───── RAW DATA

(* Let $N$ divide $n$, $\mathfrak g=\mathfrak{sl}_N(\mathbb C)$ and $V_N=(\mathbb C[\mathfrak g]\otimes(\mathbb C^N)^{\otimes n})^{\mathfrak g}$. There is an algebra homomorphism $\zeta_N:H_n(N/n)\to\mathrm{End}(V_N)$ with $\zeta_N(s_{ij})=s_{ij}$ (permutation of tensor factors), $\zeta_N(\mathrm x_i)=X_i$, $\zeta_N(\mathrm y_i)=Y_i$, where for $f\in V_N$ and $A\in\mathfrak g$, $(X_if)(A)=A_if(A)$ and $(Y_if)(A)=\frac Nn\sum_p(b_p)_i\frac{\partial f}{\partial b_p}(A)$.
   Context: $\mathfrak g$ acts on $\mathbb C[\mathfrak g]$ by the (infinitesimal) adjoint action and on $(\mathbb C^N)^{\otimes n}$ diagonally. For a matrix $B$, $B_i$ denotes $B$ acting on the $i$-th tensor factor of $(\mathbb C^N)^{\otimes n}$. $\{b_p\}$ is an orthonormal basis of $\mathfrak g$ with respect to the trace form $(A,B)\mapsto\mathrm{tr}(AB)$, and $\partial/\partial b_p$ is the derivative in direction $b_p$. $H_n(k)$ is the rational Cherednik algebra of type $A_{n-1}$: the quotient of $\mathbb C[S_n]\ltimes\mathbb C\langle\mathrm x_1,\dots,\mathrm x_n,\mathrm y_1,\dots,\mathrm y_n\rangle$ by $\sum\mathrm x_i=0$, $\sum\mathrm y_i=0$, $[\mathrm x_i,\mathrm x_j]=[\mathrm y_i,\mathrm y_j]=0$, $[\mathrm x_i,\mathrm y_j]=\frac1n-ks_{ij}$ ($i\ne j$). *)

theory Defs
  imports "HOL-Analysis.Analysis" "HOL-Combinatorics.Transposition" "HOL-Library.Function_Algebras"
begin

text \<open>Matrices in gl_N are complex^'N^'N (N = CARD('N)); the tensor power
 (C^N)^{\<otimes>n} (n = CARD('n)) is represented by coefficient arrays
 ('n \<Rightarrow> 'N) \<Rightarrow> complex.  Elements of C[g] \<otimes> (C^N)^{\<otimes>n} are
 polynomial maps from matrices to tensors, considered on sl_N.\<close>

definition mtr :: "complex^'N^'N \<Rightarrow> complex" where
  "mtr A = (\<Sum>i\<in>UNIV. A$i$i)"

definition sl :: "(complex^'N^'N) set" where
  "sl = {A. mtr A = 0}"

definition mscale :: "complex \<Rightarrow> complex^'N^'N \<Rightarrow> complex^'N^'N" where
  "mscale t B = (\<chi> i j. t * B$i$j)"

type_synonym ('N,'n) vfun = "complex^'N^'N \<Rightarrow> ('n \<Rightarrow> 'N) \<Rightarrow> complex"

──────────
───── RAW DATA

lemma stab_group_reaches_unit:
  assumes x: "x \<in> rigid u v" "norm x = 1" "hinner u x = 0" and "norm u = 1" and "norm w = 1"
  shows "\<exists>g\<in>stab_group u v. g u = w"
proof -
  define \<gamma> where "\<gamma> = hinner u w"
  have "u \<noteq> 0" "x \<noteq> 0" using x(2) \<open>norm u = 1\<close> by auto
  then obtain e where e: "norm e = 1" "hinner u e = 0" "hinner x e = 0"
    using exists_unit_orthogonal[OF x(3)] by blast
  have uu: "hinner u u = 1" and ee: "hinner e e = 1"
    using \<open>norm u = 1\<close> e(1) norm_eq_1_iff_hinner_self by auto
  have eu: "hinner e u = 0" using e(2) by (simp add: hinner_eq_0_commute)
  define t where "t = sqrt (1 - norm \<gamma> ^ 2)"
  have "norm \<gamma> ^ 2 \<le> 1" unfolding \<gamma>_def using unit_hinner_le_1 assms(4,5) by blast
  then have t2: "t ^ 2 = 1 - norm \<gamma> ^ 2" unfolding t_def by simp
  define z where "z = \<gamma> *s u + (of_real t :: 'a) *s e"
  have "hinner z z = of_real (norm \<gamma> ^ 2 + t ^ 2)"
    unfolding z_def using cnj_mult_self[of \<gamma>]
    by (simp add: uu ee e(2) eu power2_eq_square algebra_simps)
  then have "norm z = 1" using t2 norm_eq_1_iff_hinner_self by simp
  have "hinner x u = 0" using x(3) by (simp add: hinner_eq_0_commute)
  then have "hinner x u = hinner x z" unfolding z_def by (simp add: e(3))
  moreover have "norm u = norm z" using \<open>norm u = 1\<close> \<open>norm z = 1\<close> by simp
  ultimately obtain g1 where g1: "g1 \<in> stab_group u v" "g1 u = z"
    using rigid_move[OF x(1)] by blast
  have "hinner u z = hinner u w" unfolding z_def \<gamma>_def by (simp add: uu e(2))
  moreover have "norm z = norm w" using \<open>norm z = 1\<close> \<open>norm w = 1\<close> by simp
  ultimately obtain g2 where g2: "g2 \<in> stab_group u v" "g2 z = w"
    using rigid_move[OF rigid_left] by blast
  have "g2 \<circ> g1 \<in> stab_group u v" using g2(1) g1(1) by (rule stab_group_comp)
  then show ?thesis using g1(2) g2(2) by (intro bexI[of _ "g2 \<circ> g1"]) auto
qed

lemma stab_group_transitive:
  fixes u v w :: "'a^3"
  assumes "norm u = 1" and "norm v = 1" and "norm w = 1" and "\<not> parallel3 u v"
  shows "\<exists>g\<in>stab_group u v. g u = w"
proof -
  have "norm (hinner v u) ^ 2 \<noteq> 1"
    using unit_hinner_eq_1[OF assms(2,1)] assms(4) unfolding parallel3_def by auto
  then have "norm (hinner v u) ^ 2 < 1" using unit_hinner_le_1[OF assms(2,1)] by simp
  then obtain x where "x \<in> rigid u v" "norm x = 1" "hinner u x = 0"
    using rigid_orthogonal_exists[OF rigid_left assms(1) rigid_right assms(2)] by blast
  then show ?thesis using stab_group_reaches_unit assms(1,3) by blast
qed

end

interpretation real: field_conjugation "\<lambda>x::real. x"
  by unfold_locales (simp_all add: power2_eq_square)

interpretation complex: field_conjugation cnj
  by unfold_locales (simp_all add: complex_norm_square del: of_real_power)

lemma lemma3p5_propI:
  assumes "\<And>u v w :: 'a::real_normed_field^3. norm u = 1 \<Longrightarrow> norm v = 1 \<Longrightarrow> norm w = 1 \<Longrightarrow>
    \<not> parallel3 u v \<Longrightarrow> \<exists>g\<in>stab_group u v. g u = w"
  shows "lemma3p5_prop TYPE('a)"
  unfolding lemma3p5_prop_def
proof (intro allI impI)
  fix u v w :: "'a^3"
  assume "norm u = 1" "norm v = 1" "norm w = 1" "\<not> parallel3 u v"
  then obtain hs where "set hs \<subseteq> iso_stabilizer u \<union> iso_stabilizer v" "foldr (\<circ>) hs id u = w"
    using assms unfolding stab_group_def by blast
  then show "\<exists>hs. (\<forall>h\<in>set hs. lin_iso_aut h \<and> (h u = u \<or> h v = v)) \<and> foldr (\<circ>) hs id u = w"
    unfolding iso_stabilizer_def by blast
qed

──────────

▸ **YOUR GOAL**: Repeat the entries above verbatim, but only from the line that has "A = (\<Sum>i\<in>UNIV." down to the line that has "(\<chi> i j.", inclusive.

▸ **EXERCISE ANSWER**:
  "mtr A = (\<Sum>i\<in>UNIV. A$i$i)"

definition sl :: "(complex^'N^'N) set" where
  "sl = {A. mtr A = 0}"

definition mscale :: "complex \<Rightarrow> complex^'N^'N \<Rightarrow> complex^'N^'N" where
  "mscale t B = (\<chi> i j. t * B$i$j)"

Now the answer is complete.